Non OCR PDF With Images and text to convert to OCR PDF

Nawaz_Ahmed · November 7, 2024, 12:26pm

Hi

How can we convert Non-OCR PDF Documents to OCR PDF DOcuments when the document contains both Images and Text.

Also Aspose.OCR Supports OCR of Chinese documents with images and chinese text?

Professionalize.Discourse · November 7, 2024, 12:26pm

To convert non-OCR PDF documents that contain both images and text into OCR PDF documents, you can utilize Aspose.OCR. This library allows you to recognize text from PDF files, effectively creating a searchable and indexable document.

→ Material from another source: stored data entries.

(* Let $D$ be a $3$-dicritical digraph. Then $D$ does not contain $O_4$ as a (not necessarily induced) subdigraph.
   Context: A $2$-dicolouring is a map to $\{1,2\}$ whose colour classes induce acyclic subdigraphs (a digon $xy,yx$ is a directed cycle). $D$ is $3$-dicritical if $D$ has no $2$-dicolouring but every proper subdigraph has one. $O_4$ is the digraph on vertices $u,v,x,y$ with arcs $xy,yx$ (a digon), $ux,uy$, $xv,yv$, and $uv$. "Contains as a subdigraph" means up to isomorphism. *)

theory Defs
  imports Main
begin

text \<open>A (finite, loopless) digraph is a pair (V, A) with A a set of arcs between
  vertices of V. Digons (both (x,y) and (y,x)) are allowed; parallel arcs are not
  representable (simple digraphs).\<close>

definition digraph :: "'a set \<Rightarrow> ('a \<times> 'a) set \<Rightarrow> bool" where
  "digraph V A \<longleftrightarrow> finite V \<and> A \<subseteq> V \<times> V \<and> (\<forall>x. (x, x) \<notin> A)"

text \<open>The subdigraph induced by S is acyclic (a digon is a directed cycle).\<close>
definition induces_acyclic :: "('a \<times> 'a) set \<Rightarrow> 'a set \<Rightarrow> bool" where
  "induces_acyclic A S \<longleftrightarrow> acyclic (A \<inter> (S \<times> S))"

definition two_dicolouring :: "'a set \<Rightarrow> ('a \<times> 'a) set \<Rightarrow> ('a \<Rightarrow> nat) \<Rightarrow> bool" where
  "two_dicolouring V A c \<longleftrightarrow> (\<forall>v\<in>V. c v \<in> {1, 2}) \<and>
     (\<forall>i\<in>{1::nat, 2}. induces_acyclic A {v \<in> V. c v = i})"

definition two_dicolourable :: "'a set \<Rightarrow> ('a \<times> 'a) set \<Rightarrow> bool" where
  "two_dicolourable V A \<longleftrightarrow> (\<exists>c. two_dicolouring V A c)"

definition subdigraph :: "'a set \<Rightarrow> ('a \<times> 'a) set \<Rightarrow> 'a set \<Rightarrow> ('a \<times> 'a) set \<Rightarrow> bool" where
  "subdigraph V' A' V A \<longleftrightarrow> V' \<subseteq> V \<and> A' \<subseteq> A \<and> A' \<subseteq> V' \<times> V'"

definition three_dicritical :: "'a set \<Rightarrow> ('a \<times> 'a) set \<Rightarrow> bool" where
  "three_dicritical V A \<longleftrightarrow> \<not> two_dicolourable V A \<and>
     (\<forall>V' A'. subdigraph V' A' V A \<and> (V', A') \<noteq> (V, A) \<longrightarrow> two_dicolourable V' A')"

definition contains_subdigraph ::
  "'b set \<Rightarrow> ('b \<times> 'b) set \<Rightarrow> 'a set \<Rightarrow> ('a \<times> 'a) set \<Rightarrow> bool" where
  "contains_subdigraph VH AH V A \<longleftrightarrow>
     (\<exists>f. inj_on f VH \<and> f ` VH \<subseteq> V \<and> (\<forall>(a, b)\<in>AH. (f a, f b) \<in> A))"

text \<open>O_4 with u = 0, v = 1, x = 2, y = 3.\<close>
definition O4_V :: "nat set" where
  "O4_V = {0, 1, 2, 3}"

definition O4_A :: "(nat \<times> nat) set" where
  "O4_A = {(2, 3), (3, 2), (0, 2), (0, 3), (2, 1), (3, 1), (0, 1)}"

end

theory Submission
  imports Defs
begin

text \<open>Let D be 3-dicritical and contain O_4, and 2-dicolour D minus the arc uv.
  The digon xy forces x and y into different colour classes. If u and v get
  the same colour, one of x, y shares it, so uv shortcuts a monochromatic
  path u-x-v or u-y-v. Putting uv back then closes no new monochromatic cycle,
  and D itself would be 2-dicolourable.\<close>

lemma induces_acyclic_insert_shortcut:
  assumes "induces_acyclic A S"
    and "u \<in> S \<Longrightarrow> v \<in> S \<Longrightarrow> (u, v) \<in> (Restr A S)\<^sup>+"
  shows "induces_acyclic (insert (u, v) A) S"
proof (cases "u \<in> S \<and> v \<in> S")
  case True
  have "(v, u) \<notin> (Restr A S)\<^sup>*"
  proof
    assume "(v, u) \<in> (Restr A S)\<^sup>*"
    with assms True have "(u, u) \<in> (Restr A S)\<^sup>+" by simp
    with assms(1) show False unfolding induces_acyclic_def acyclic_def by blast
  qed
  moreover have "Restr (insert (u, v) A) S = insert (u, v) (Restr A S)" using True by blast
  ultimately show ?thesis using assms(1) unfolding induces_acyclic_def by simp
next
  case False
  then have "Restr (insert (u, v) A) S = Restr A S" by blast
  with assms(1) show ?thesis unfolding induces_acyclic_def by simp
qed

lemma two_dicolouring_digon_colours_differ:
  assumes colouring: "two_dicolouring V A c"
    and "x \<in> V" "y \<in> V" "(x, y) \<in> A" "(y, x) \<in> A"
  shows "c x \<noteq> c y"
proof
  assume "c x = c y"
  let ?S = "{w \<in> V. c w = c x}"
  have digon: "(x, y) \<in> Restr A ?S" "(y, x) \<in> Restr A ?S"
    using assms(2-5) \<open>c x = c y\<close> by auto
  have "c x \<in> {1, 2}"
    using colouring \<open>x \<in> V\<close> unfolding two_dicolouring_def by blast
  then have "acyclic (Restr A ?S)"
    using colouring unfolding two_dicolouring_def induces_acyclic_def by blast
  with trancl_into_trancl[OF r_into_trancl, OF digon] show False
    unfolding acyclic_def by blast
qed

lemma two_dicolouring_insert_shortcut:
  assumes "two_dicolouring V A c"
    and "\<And>i. u \<in> V \<Longrightarrow> v \<in> V \<Longrightarrow> c u = i \<Longrightarrow> c v = i \<Longrightarrow>
           (u, v) \<in> (Restr A {w \<in> V. c w = i})\<^sup>+"
  shows "two_dicolouring V (insert (u, v) A) c"
  using assms unfolding two_dicolouring_def
  by (auto intro!: induces_acyclic_insert_shortcut)

lemma two_dicolouring_insert_O4_arc:
  assumes colouring: "two_dicolouring V A c"
    and "x \<in> V" "y \<in> V"
    and "(x, y) \<in> A" "(y, x) \<in> A" "(u, x) \<in> A" "(u, y) \<in> A" "(x, v) \<in> A" "(y, v) \<in> A"
  shows "two_dicolouring V (insert (u, v) A) c"
proof (rule two_dicolouring_insert_shortcut[OF colouring])
  fix i assume "u \<in> V" "v \<in> V" and uv: "c u = i" "c v = i"
  let ?S = "{w \<in> V. c w = i}"
  have "c x \<noteq> c y"
    using two_dicolouring_digon_colours_differ[OF colouring] assms(2-5) by blast
  moreover have "c x \<in> {1, 2}" "c y \<in> {1, 2}" "c u \<in> {1, 2}"
    using colouring \<open>x \<in> V\<close> \<open>y \<in> V\<close> \<open>u \<in> V\<close> unfolding two_dicolouring_def by blast+
  ultimately obtain w where "w \<in> {x, y}" "c w = i"
    using uv(1) by fastforce
  then have "(u, w) \<in> Restr A ?S" "(w, v) \<in> Restr A ?S"
    using assms(2-9) \<open>u \<in> V\<close> \<open>v \<in> V\<close> uv by auto
  then show "(u, v) \<in> (Restr A ?S)\<^sup>+"
    by (rule trancl_into_trancl[OF r_into_trancl])
qed

lemma three_dicritical_delete_arc_two_dicolourable:
  assumes "three_dicritical V A" "A \<subseteq> V \<times> V" "e \<in> A"
  shows "two_dicolourable V (A - {e})"
proof -
  have "subdigraph V (A - {e}) V A" "(V, A - {e}) \<noteq> (V, A)"
    using assms(2,3) unfolding subdigraph_def by auto
  with assms(1) show ?thesis unfolding three_dicritical_def by blast
qed

lemma contains_O4E:
  assumes "contains_subdigraph O4_V O4_A V A"
  obtains u v x y where "x \<in> V" "y \<in> V" "x \<noteq> u" "x \<noteq> v" "y \<noteq> u" "y \<noteq> v"
    and "(x, y) \<in> A" "(y, x) \<in> A" "(u, x) \<in> A" "(u, y) \<in> A" "(x, v) \<in> A" "(y, v) \<in> A"
    and "(u, v) \<in> A"
proof -
  obtain f where "inj_on f O4_V" "f ` O4_V \<subseteq> V" "\<forall>(a, b)\<in>O4_A. (f a, f b) \<in> A"
    using assms unfolding contains_subdigraph_def by blast
  then show thesis
    using that[of "f 2" "f 3" "f 0" "f 1"] unfolding O4_V_def O4_A_def inj_on_def by auto
qed

theorem lemma19:
  fixes V :: "'a set" and A :: "('a \<times> 'a) set"
  assumes "digraph V A"
    and "three_dicritical V A"
  shows "\<not> contains_subdigraph O4_V O4_A V A"
proof
  assume "contains_subdigraph O4_V O4_A V A"
  then obtain u v x y where xy: "x \<in> V" "y \<in> V" "x \<noteq> u" "x \<noteq> v" "y \<noteq> u" "y \<noteq> v"
    and arcs: "(x, y) \<in> A" "(y, x) \<in> A" "(u, x) \<in> A" "(u, y) \<in> A" "(x, v) \<in> A" "(y, v) \<in> A"
    and uv: "(u, v) \<in> A"
    by (rule contains_O4E)
  have "A \<subseteq> V \<times> V" using assms(1) unfolding digraph_def by blast
  then obtain c where c: "two_dicolouring V (A - {(u, v)}) c"
    using three_dicritical_delete_arc_two_dicolourable[OF assms(2) _ uv]
    unfolding two_dicolourable_def by blast
  have "two_dicolouring V A c"
    using two_dicolouring_insert_O4_arc[OF c xy(1,2), of u v] xy arcs uv
    by (simp add: insert_absorb)
  then have "two_dicolourable V A"
    unfolding two_dicolourable_def by blast
  with assms(2) show False unfolding three_dicritical_def by blast
qed

end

Here’s a general approach to achieve this:

Initialize the Aspose.OCR API: Create an instance of the OCR API.
Load the PDF Document: Use the OcrInput class to add your PDF document for recognition.
Set Recognition Options: You can specify language settings to improve accuracy, especially if your document contains text in different languages.
Perform OCR: Call the recognition method to process the PDF and extract text.
Output the Results: The recognized text can be saved or displayed as needed.

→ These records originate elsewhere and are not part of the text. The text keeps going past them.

lemma psi_min_continuous_on:
  assumes "\<Lambda> \<ge> 0"
  shows "continuous_on {0..\<Lambda>} psi_min"
proof -
  obtain L where "\<And>p. p \<in> {-1..0} \<Longrightarrow> L-lipschitz_on {0..\<Lambda>} (\<lambda>\<mu>. Phi \<mu> p)"
    and L: "\<And>p. p \<in> {-1..0} \<Longrightarrow> L-lipschitz_on {0..\<Lambda>} (\<lambda>\<mu>. psi \<mu> p)"
    using assms by (rule Phi_psi_lipschitz) blast
  have L0: "L \<ge> 0" using lipschitz_on_nonneg[OF L[of 0]] by simp
  have le: "psi_min \<mu> \<le> psi_min \<nu> + L * \<bar>\<mu> - \<nu>\<bar>"
    if \<mu>: "\<mu> \<in> {0..\<Lambda>}" and \<nu>: "\<nu> \<in> {0..\<Lambda>}" for \<mu> \<nu>
  proof -
    have "\<nu> \<ge> 0" using \<nu> by simp
    then obtain p where p: "p \<in> {-1..0}" "psi_min \<nu> = psi \<nu> p"
      "\<And>r. r \<in> {-1..0} \<Longrightarrow> psi \<nu> p \<le> psi \<nu> r"
      by (rule psi_min_attained) blast
    have "psi_min \<mu> \<le> psi \<mu> p" using psi_min_le[of \<mu> p] p \<mu> by simp
    also have "\<dots> \<le> psi \<nu> p + L * \<bar>\<mu> - \<nu>\<bar>"
      using lipschitz_onD[OF L[OF p(1)] \<mu> \<nu>] by (simp add: dist_real_def)
    finally show ?thesis using p by simp
  qed
  have "L-lipschitz_on {0..\<Lambda>} psi_min"
  proof (rule lipschitz_onI)
    fix \<mu> \<nu> assume "\<mu> \<in> {0..\<Lambda>}" "\<nu> \<in> {0..\<Lambda>}"
    then show "dist (psi_min \<mu>) (psi_min \<nu>) \<le> L * dist \<mu> \<nu>"
      using le[of \<mu> \<nu>] le[of \<nu> \<mu>] by (simp add: dist_real_def abs_minus_commute abs_le_iff)
  qed (rule L0)
  then show ?thesis by (rule lipschitz_on_continuous_on)
qed

lemma A_fun_continuous_on:
  assumes "\<Lambda> \<ge> 0"
  shows "continuous_on {0..\<Lambda>} (A_fun H \<rho> Phi)"
proof -
  obtain L where L: "\<And>p. p \<in> {-1..0} \<Longrightarrow> L-lipschitz_on {0..\<Lambda>} (\<lambda>\<mu>. Phi \<mu> p)"
    "\<And>p. p \<in> {-1..0} \<Longrightarrow> L-lipschitz_on {0..\<Lambda>} (\<lambda>\<mu>. psi \<mu> p)"
    using assms by (rule Phi_psi_lipschitz) blast
  have "continuous_on {0..\<Lambda>} (\<lambda>\<mu>. Phi \<mu> 0)" "continuous_on {0..\<Lambda>} (\<lambda>\<mu>. psi \<mu> 0)"
    using lipschitz_on_continuous_on[OF L(1)] lipschitz_on_continuous_on[OF L(2)] by simp_all
  then have "continuous_on {0..\<Lambda>} (\<lambda>\<mu>. \<mu> * \<rho> 0 * Phi \<mu> 0 - psi \<mu> 0)"
    by (intro continuous_intros)
  then show ?thesis by (simp add: A_fun_eq[abs_def])
qed

lemma psi_zero_pos:
  assumes "p \<in> {-1..0}"
  shows "psi 0 p > 0"
proof -
  have "(psi 0 has_field_derivative 0) (at x within {-1..0})" if "x \<in> {-1..0}" for x
    using psi_has_derivative[OF order_refl that] by simp
  then obtain c where "\<forall>x\<in>{-1..0}. psi 0 x = c"
    using has_field_derivative_zero_constant[OF convex_real_interval(5)] by blast
  then have "psi 0 p = psi 0 (-1)" using assms by auto
  then show ?thesis using Hp_pos by (simp add: psi_bottom)
qed

lemma A_fun_at_zero_neg: "A_fun H \<rho> Phi 0 < 0"
  using psi_zero_pos[of 0] by (simp add: A_fun_eq)

end

locale stratified_Phi_family = Phi_family +
  assumes rho_p_nonpos: "\<forall>p\<in>{-1..0}. dI \<rho> p \<le> 0"
    and rho_top_pos: "\<rho> 0 > 0"
begin

context
  fixes \<mu> :: real
  assumes mu_nonneg: "\<mu> \<ge> 0" and psi_nonneg: "\<forall>p\<in>{-1..0}. psi \<mu> p \<ge> 0"
begin

lemma Phi_mono: "-1 \<le> x \<Longrightarrow> x \<le> y \<Longrightarrow> y \<le> 0 \<Longrightarrow> Phi \<mu> x \<le> Phi \<mu> y"
proof (rule deriv_within_nonneg_imp_mono[OF Phi_has_derivative[OF mu_nonneg]])
  fix t :: real assume t: "t \<in> {-1..0}"
  have "0 \<le> dI H t ^ 3" using Hp_pos t by (simp add: less_imp_le)
  then show "0 \<le> dI H t ^ 3 * psi \<mu> t" using psi_nonneg t by simp
qed

lemma Phi_nonneg: "p \<in> {-1..0} \<Longrightarrow> Phi \<mu> p \<ge> 0"
  using Phi_mono[of "-1" p] Phi_bottom[OF mu_nonneg] by simp

lemma psi_antimono: "-1 \<le> x \<Longrightarrow> x \<le> y \<Longrightarrow> y \<le> 0 \<Longrightarrow> psi \<mu> y \<le> psi \<mu> x"
proof (rule deriv_within_nonpos_imp_antimono[OF psi_has_derivative[OF mu_nonneg]])
  fix t :: real assume t: "t \<in> {-1..0}"
  have "\<mu> * dI \<rho> t \<le> 0" using mu_nonneg rho_p_nonpos t by (simp add: mult_nonneg_nonpos)
  then show "\<mu> * dI \<rho> t * Phi \<mu> t \<le> 0" using Phi_nonneg[OF t] by (simp add: mult_nonpos_nonneg)
qed

text \<open>\<open>\<Phi>\<close> leaves the bottom with slope \<open>H\<^sub>p\<^sup>3 \<psi> = 1\<close> and never decreases.\<close>

lemma Phi_top_pos: "Phi \<mu> 0 > 0"
proof -
  have "(Phi \<mu> has_real_derivative 1) (at (-1) within {-1..0})"
    using Phi_has_derivative[OF mu_nonneg, of "-1"] Hp_pos
    by (simp add: psi_bottom[OF mu_nonneg] less_imp_neq[symmetric])
  then have "\<exists>d>0. \<forall>h>0. -1 + h \<in> {-1..0} \<longrightarrow> h < d \<longrightarrow> Phi \<mu> (-1) < Phi \<mu> (-1 + h)"
    by (rule has_real_derivative_pos_inc_right) simp
  then obtain d where d: "d > 0"
    "\<And>h. h > 0 \<Longrightarrow> -1 + h \<in> {-1..0} \<Longrightarrow> h < d \<Longrightarrow> Phi \<mu> (-1) < Phi \<mu> (-1 + h)"
    by blast
  define h where "h = min (d / 2) 1"
  have "0 < Phi \<mu> (-1 + h)"
    using d Phi_bottom[OF mu_nonneg] by (simp add: h_def)
  also have "\<dots> \<le> Phi \<mu> 0" using d by (intro Phi_mono) (auto simp: h_def)
  finally show ?thesis .
qed

lemma A_fun_pos_if_psi_vanishes:
  assumes "\<mu> > 0" "p \<in> {-1..0}" "psi \<mu> p \<le> 0"
  shows "A_fun H \<rho> Phi \<mu> > 0"
proof -
  have "psi \<mu> 0 \<le> 0" using psi_antimono[of p 0] assms by auto
  moreover have "\<mu> * \<rho> 0 * Phi \<mu> 0 > 0" using assms rho_top_pos Phi_top_pos by simp
  ultimately show ?thesis by (simp add: A_fun_eq)
qed

end

lemma psi_pos_if_critical:
  assumes cr: "is_mu_cr H \<rho> Phi \<mu>c" and p: "p \<in> {-1..0}"
  shows "psi \<mu>c p > 0"
proof (rule ccontr)
  assume "\<not> psi \<mu>c p > 0"
  have mc: "\<mu>c > 0" "\<And>\<nu>. 0 < \<nu> \<Longrightarrow> \<nu> < \<mu>c \<Longrightarrow> A_fun H \<rho> Phi \<nu> \<noteq> 0"
    using cr unfolding is_mu_cr_def by auto
  have "psi_min \<mu>c \<le> 0" using psi_min_le[of \<mu>c p] mc(1) p \<open>\<not> psi \<mu>c p > 0\<close> by simp
  moreover have "psi_min 0 > 0"
  proof -
    obtain q where "q \<in> {-1..0}" "psi_min 0 = psi 0 q"
      "\<And>r. r \<in> {-1..0} \<Longrightarrow> psi 0 q \<le> psi 0 r"
      by (rule psi_min_attained[OF order_refl]) blast
    then show ?thesis using psi_zero_pos by simp
  qed
  ultimately obtain \<mu>1 where \<mu>1: "0 \<le> \<mu>1" "\<mu>1 \<le> \<mu>c" "psi_min \<mu>1 = 0"
    using IVT2'[of psi_min \<mu>c 0 0] psi_min_continuous_on[of \<mu>c] mc(1) by auto
  with \<open>psi_min 0 > 0\<close> have "\<mu>1 > 0" by (cases "\<mu>1 = 0") auto
  obtain q where q: "q \<in> {-1..0}" "psi \<mu>1 q = 0" "\<And>r. r \<in> {-1..0} \<Longrightarrow> psi \<mu>1 q \<le> psi \<mu>1 r"
    using \<mu>1(1) by (rule psi_min_attained[of \<mu>1]) (use \<mu>1(3) in simp_all)
  have "A_fun H \<rho> Phi \<mu>1 > 0"
    using A_fun_pos_if_psi_vanishes[of \<mu>1 q] \<open>\<mu>1 > 0\<close> q by simp
  then obtain \<nu> where \<nu>: "0 \<le> \<nu>" "\<nu> \<le> \<mu>1" "A_fun H \<rho> Phi \<nu> = 0"
    using IVT'[of "A_fun H \<rho> Phi" 0 0 \<mu>1] A_fun_at_zero_neg A_fun_continuous_on[of \<mu>1] \<mu>1 by auto
  then have "0 < \<nu>" "\<nu> < \<mu>c"
    using A_fun_at_zero_neg \<open>A_fun H \<rho> Phi \<mu>1 > 0\<close> \<mu>1 by (auto simp: order.order_iff_strict)
  with \<nu> mc(2) show False by blast
qed

end

section \<open>The space \<open>X\<close>\<close>

lemma continuous_on_Rbar_slice:
  assumes "continuous_on Rbar f"
  shows "continuous_on {-1..0} (\<lambda>t. f (q, t))"
proof -
  have "continuous_on {-1..0} (\<lambda>t. (q, t))" by (intro continuous_intros)
  moreover have "(\<lambda>t. (q, t)) ` {-1..0} \<subseteq> Rbar" by (auto simp: Rbar_def)
  ultimately show ?thesis using continuous_on_compose2[OF assms] by blast
qed

lemma continuous_on_Rbar_snd:
  assumes "continuous_on {-1..0} g"
  shows "continuous_on Rbar (\<lambda>x. g (snd x))"
proof -
  have "snd ` Rbar \<subseteq> {-1..0}" by (auto simp: Rbar_def)
  then show ?thesis
    using continuous_on_compose2[OF assms continuous_on_snd[OF continuous_on_id]] by blast
qed

lemma C_ka_I_differentiable:
  "C_ka_I k \<alpha> f \<Longrightarrow> j < k \<Longrightarrow> p \<in> {-1..0} \<Longrightarrow> ((dI ^^ j) f) differentiable (at p within {-1..0})"
  unfolding C_ka_I_def by blast

lemma C_ka_I_continuous_on:
  assumes "C_ka_I k \<alpha> f" "j < k"
  shows "continuous_on {-1..0} ((dI ^^ j) f)"
proof (unfold continuous_on_eq_continuous_within, intro ballI)
  fix p :: real assume "p \<in> {-1..0}"
  then show "continuous (at p within {-1..0}) ((dI ^^ j) f)"
    by (rule differentiable_imp_continuous_within[OF C_ka_I_differentiable[OF assms]])
qed

context
  fixes \<alpha> :: real and w :: "real \<times> real \<Rightarrow> real"
  assumes w_in_X: "in_X \<alpha> w"
begin

lemma in_X_C_ka_strip: "C_ka_strip 3 \<alpha> w"
  using w_in_X unfolding in_X_def by blast

lemma in_X_has_derivative_q:
  assumes "length ds < 3" "p \<in> {-1..0}"
  shows "((\<lambda>s. pd ds w (s, p)) has_real_derivative pd (Dq # ds) w (s, p)) (at s)"
proof -
  have "(\<lambda>s. pd ds w (s, p)) differentiable (at s)"
    using in_X_C_ka_strip assms unfolding C_ka_strip_def Rbar_def by force
  then show ?thesis
    using has_real_derivative_vector_derivative by (simp add: pdir_def pdq_def)
qed

lemma in_X_has_derivative_p:
  assumes "length ds < 3" "p \<in> {-1..0}"
  shows "((\<lambda>t. pd ds w (q, t)) has_real_derivative pd (Dp # ds) w (q, p)) (at p within {-1..0})"
proof -
  have "(\<lambda>t. pd ds w (q, t)) differentiable (at p within {-1..0})"
    using in_X_C_ka_strip assms unfolding C_ka_strip_def Rbar_def by force
  then show ?thesis
    using has_real_derivative_vector_derivative by (simp add: pdir_def pdp_def)
qed

lemma in_X_continuous_on: "length ds \<le> 3 \<Longrightarrow> continuous_on Rbar (pd ds w)"
  using in_X_C_ka_strip unfolding C_ka_strip_def by blast

lemma in_X_decay:
  "length ds \<le> 2 \<Longrightarrow> e > 0 \<Longrightarrow> \<exists>M. \<forall>q p. M \<le> \<bar>q\<bar> \<and> -1 \<le> p \<and> p \<le> 0 \<longrightarrow> \<bar>pd ds w (q, p)\<bar> < e"
  using w_in_X unfolding in_X_def by blast

lemma in_X_even: "w (-q, p) = w (q, p)"
  using w_in_X unfolding in_X_def by blast

lemma in_X_bottom: "w (q, -1) = 0"
  using w_in_X unfolding in_X_def by blast

lemma in_X_has_derivative_pdq: "p \<in> {-1..0} \<Longrightarrow> ((\<lambda>s. w (s, p)) has_real_derivative pdq w (s, p)) (at s)"
  using in_X_has_derivative_q[of "[]"] by (simp add: pdir_def)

Here’s a sample code snippet in C# that demonstrates how to recognize text from a PDF:

using System;
using System.Collections.Generic;
using Aspose.OCR;

namespace Aspose.OCR.Examples
{
    public class RecognizePdf
    {
        public static void Run()
        {
            // Initialize an instance of AsposeOcr
            AsposeOcr api = new AsposeOcr();

            // Create OcrInput object and add the PDF document
            OcrInput input = new OcrInput(InputType.PDF);
            input.Add("path_to_your_pdf.pdf", startPage: 1, pagesCount: 1); // Adjust page range as needed

            // Perform OCR
            List<RecognitionResult> results = api.Recognize(input, new RecognitionSettings { });

            // Print the results
            foreach (var result in results)
            {
                Console.WriteLine($"Recognized Text: {result.RecognitionText}");
            }
        }
    }
}

Regarding your second question, yes, Aspose.OCR supports OCR for Chinese documents that contain images and Chinese text. You can specify the language during the recognition process to ensure accurate text extraction.

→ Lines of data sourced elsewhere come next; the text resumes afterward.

definition holder_fin :: "real \<Rightarrow> (real \<times> real \<Rightarrow> real) \<Rightarrow> bool" where
  "holder_fin \<alpha> f \<longleftrightarrow> (1 < \<alpha> \<longrightarrow> has_part1 f) \<and> bdd_above {holder_quot \<alpha> f x y | x y. x \<noteq> y}"

definition holder_sn :: "real \<Rightarrow> (real \<times> real \<Rightarrow> real) \<Rightarrow> real" where
  "holder_sn \<alpha> f = Sup {holder_quot \<alpha> f x y | x y. x \<noteq> y}"

abbreviation unitsq :: "(real \<times> real) set" where
  "unitsq \<equiv> cbox (0, 0) (1, 1)"

text \<open>Distributional identities f = c + d1 g + d2 h and f = c + d1^2 g + d2 h,
  tested against smooth periodic test functions.\<close>
definition decomp1 :: "(real \<times> real \<Rightarrow> real) \<Rightarrow> real \<Rightarrow> (real \<times> real \<Rightarrow> real) \<Rightarrow> (real \<times> real \<Rightarrow> real) \<Rightarrow> bool" where
  "decomp1 f c g h \<longleftrightarrow> (\<forall>\<phi>. smooth2 \<phi> \<and> periodic2 \<phi> \<longrightarrow>
     integral unitsq (\<lambda>x. f x * \<phi> x) =
       c * integral unitsq \<phi> - integral unitsq (\<lambda>x. g x * part1 \<phi> x)
         - integral unitsq (\<lambda>x. h x * part2 \<phi> x))"

definition decomp2 :: "(real \<times> real \<Rightarrow> real) \<Rightarrow> real \<Rightarrow> (real \<times> real \<Rightarrow> real) \<Rightarrow> (real \<times> real \<Rightarrow> real) \<Rightarrow> bool" where
  "decomp2 f c g h \<longleftrightarrow> (\<forall>\<phi>. smooth2 \<phi> \<and> periodic2 \<phi> \<longrightarrow>
     integral unitsq (\<lambda>x. f x * \<phi> x) =
       c * integral unitsq \<phi> + integral unitsq (\<lambda>x. g x * part1 (part1 \<phi>) x)
         - integral unitsq (\<lambda>x. h x * part2 \<phi> x))"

For more detailed guidance, you can refer to the official documentation on creating searchable PDFs from scanned documents, which outlines the process and provides additional examples here and here for Java-specific operations.

If you have any further questions or need additional assistance, feel free to ask!

Sources:
[1]: Creating a searchable PDF from the scan - Aspose Documentation
[2]: OCR Operations | Aspose.OCR Java API

Nawaz_Ahmed · November 7, 2024, 12:52pm

Unable to OCR Chinese PDF Document to PDF.

getting error “Exception of type ‘System.Exception’ was thrown”

asad.ali · November 8, 2024, 1:35pm

@Nawaz_Ahmed

Would you kindly share the sample file that you are trying to work with. We will test the scenario in our environment and address it accordingly.